Chaque année, au mois de février, il n’y a pas que le joyeux défilé de festivaliers en costumes colorés qui répand sa magie le long des rues de Port-of-Spain. De nombreuses autres activités viennent rythmer les semaines précédant le carnaval. Aux lendemains de Noël, les habitants de l’île rangent leurs décorations et mettent la main à la pâte pour préparer ce que d’aucuns décrivent comme le plus grand party de la planète.
Le bus remonte lentement les collines de l’île pour enfin arriver à destination. C’est à Laventille, dans ce modeste faubourg niché sur les hauteurs de la ville, qu’est né le premier steel-drum, un fût de pétrole transformé en instrument de musique devenu depuis le symbole de toute une nation. Et, quand ce bidon d’acier se met à jouer ses mélodies vivantes et enjouées, c’est toute l’île qui, instantanément, frémit, s’embrase, et, dans un seul élan, se met à sautiller.
Ainsi, l’or de Trinité-et-Tobago, c’est non seulement son pétrole – ce dernier représente un cinquième des richesses naturelles de l’île – mais aussi son contenant, le baril, qui abrite le précieux liquide. Ce dernier aurait pu appartenir pour toujours à la triste famille des objets ordinaires.
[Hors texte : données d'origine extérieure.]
(* Let $U$ be an infinite uniquely $2$-divisible group, $\nu$ an involutory almost regular automorphism of $U$, and $S=\{x\in U\mid x^\nu=x^{-1}\}$. Let $D$ be an abelian subgroup of $U$ (possibly $D=1$) which is inverted by $\nu$ and such that $C_U(D)$ is infinite, and assume $(S\cap C_U(D))\setminus D\neq\emptyset$. Then: (1) there exists an element $w\in C_U(D)\setminus D$ which is inverted by $\nu$ and such that $C_U(\langle D,w\rangle)$ is infinite; (2) there exists an infinite abelian subgroup of $U$ which is inverted by $\nu$.
   Context: An automorphism $\nu$ is involutory if $\nu\ne\mathrm{id}$ and $\nu^2=\mathrm{id}$, and almost regular if $C_U(\nu)$ is finite. A group is uniquely $2$-divisible if every element has a unique square root. A subgroup is inverted by $\nu$ if each of its elements $x$ satisfies $x^\nu=x^{-1}$. *)

theory Defs
  imports "HOL-Algebra.Algebra"
begin

definition grp_centralizer :: "('a, 'b) monoid_scheme \<Rightarrow> 'a set \<Rightarrow> 'a set" where
  "grp_centralizer G S = {x \<in> carrier G. \<forall>y\<in>S. monoid.mult G x y = monoid.mult G y x}"

definition fixed_points :: "('a, 'b) monoid_scheme \<Rightarrow> ('a \<Rightarrow> 'a) \<Rightarrow> 'a set" where
  "fixed_points G \<nu> = {x \<in> carrier G. \<nu> x = x}"

definition involutory_aut :: "('a, 'b) monoid_scheme \<Rightarrow> ('a \<Rightarrow> 'a) \<Rightarrow> bool" where
  "involutory_aut G \<nu> \<longleftrightarrow> \<nu> \<in> iso G G \<and> (\<exists>x\<in>carrier G. \<nu> x \<noteq> x)
     \<and> (\<forall>x\<in>carrier G. \<nu> (\<nu> x) = x)"

definition almost_regular :: "('a, 'b) monoid_scheme \<Rightarrow> ('a \<Rightarrow> 'a) \<Rightarrow> bool" where
  "almost_regular G \<nu> \<longleftrightarrow> finite (fixed_points G \<nu>)"

definition uniquely_2_divisible :: "('a, 'b) monoid_scheme \<Rightarrow> bool" where
  "uniquely_2_divisible G \<longleftrightarrow> (\<forall>x\<in>carrier G. \<exists>!y. y \<in> carrier G \<and> monoid.mult G y y = x)"

definition inverted_by :: "('a, 'b) monoid_scheme \<Rightarrow> ('a \<Rightarrow> 'a) \<Rightarrow> 'a set \<Rightarrow> bool" where
  "inverted_by G \<nu> H \<longleftrightarrow> (\<forall>x\<in>H. \<nu> x = m_inv G x)"

definition abelian_set :: "('a, 'b) monoid_scheme \<Rightarrow> 'a set \<Rightarrow> bool" where
  "abelian_set G H \<longleftrightarrow> (\<forall>x\<in>H. \<forall>y\<in>H. monoid.mult G x y = monoid.mult G y x)"

end

theory Submission
  imports Defs
begin

(*
  Let U be uniquely 2-divisible with an involutory automorphism nu whose fixed-point set F is
  finite, and write S for the set of elements inverted by nu.  The proof rests on three facts.

  (i)  Every g in the centralizer C(W) of a nu-inverted set W factors as g = c s with c in F and
       s in S \<inter> C(W): take s = q^-1 for the square root q of g^-1 g^nu.  Hence S \<inter> C(W)
       is infinite whenever C(W) is.
  (ii) For a finite inverted set D with C(D) infinite, choose u in C(D) outside the
       finite set F D.  By pigeonhole, one c in F serves for infinitely many products u y
       (y in S \<inter> C(D)), so a = c^-1 u satisfies a y in S for all y in an infinite set Y.
       Then a^nu = y^-1 a^-1 y for every y in Y, so the elements y0 y^-1 commute with a.
       Conjugating by the square root r of y0 gives an inverted w = r^-1 a r in C(D) - D
       centralized by the infinitely many elements r^-1 y0 y^-1 r.  For infinite D the witness
       comes directly from the hypothesis S \<inter> C(D) - D \<noteq> {}.
  (iii) If every abelian inverted subgroup were finite, iterating (ii) from D = 1 would give a
       strictly increasing chain of them, whose union generates an infinite one.
*)

lemma infinite_Union_strict_chain:
  fixes F :: "nat \<Rightarrow> 'a set"
  assumes "\<And>n. F n \<subset> F (Suc n)"
  shows "infinite (\<Union>n. F n)"
proof
  assume fin: "finite (\<Union>n. F n)"
  have "inj F" using assms by (intro strict_mono_imp_inj_on) (simp add: strict_mono_Suc_iff)
  moreover have "range F \<subseteq> Pow (\<Union>n. F n)" by auto
  ultimately have "finite (UNIV :: nat set)"
    using fin finite_subset[of "range F"] finite_imageD[of F UNIV] by auto
  then show False by simp
qed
C’est sans compter sur la communauté noire de l’île qui l’a hissé au rang de véritable institution.
Des mouvements de baguettes rapides, un bon sens du rythme, des refrains chaloupés, c’est ça le steel-pan qui fait danser tout Trinité-et-Tobago. Comme chaque sport national, la discipline a ses artisans, souvent des gamins de 14, 15 ans, pour qui le tambour métallique est un facteur d’intégration.
Avec aisance, gracieuseté et précision, les orchestres de steel-pan tapent sur des bidons comme on martèlerait les touches d’un piano. Leurs accords donnent naissance à des musiques qui vont de la salsa au calypso en passant par le reggae. Les voir ainsi manœuvrer l’instrument avec autant d’habileté est d’autant plus surprenant qu’ils le font en mémorisant par coeur les morceaux et, parfois, sans réelle connaissance de ce qu’est une partition de musique.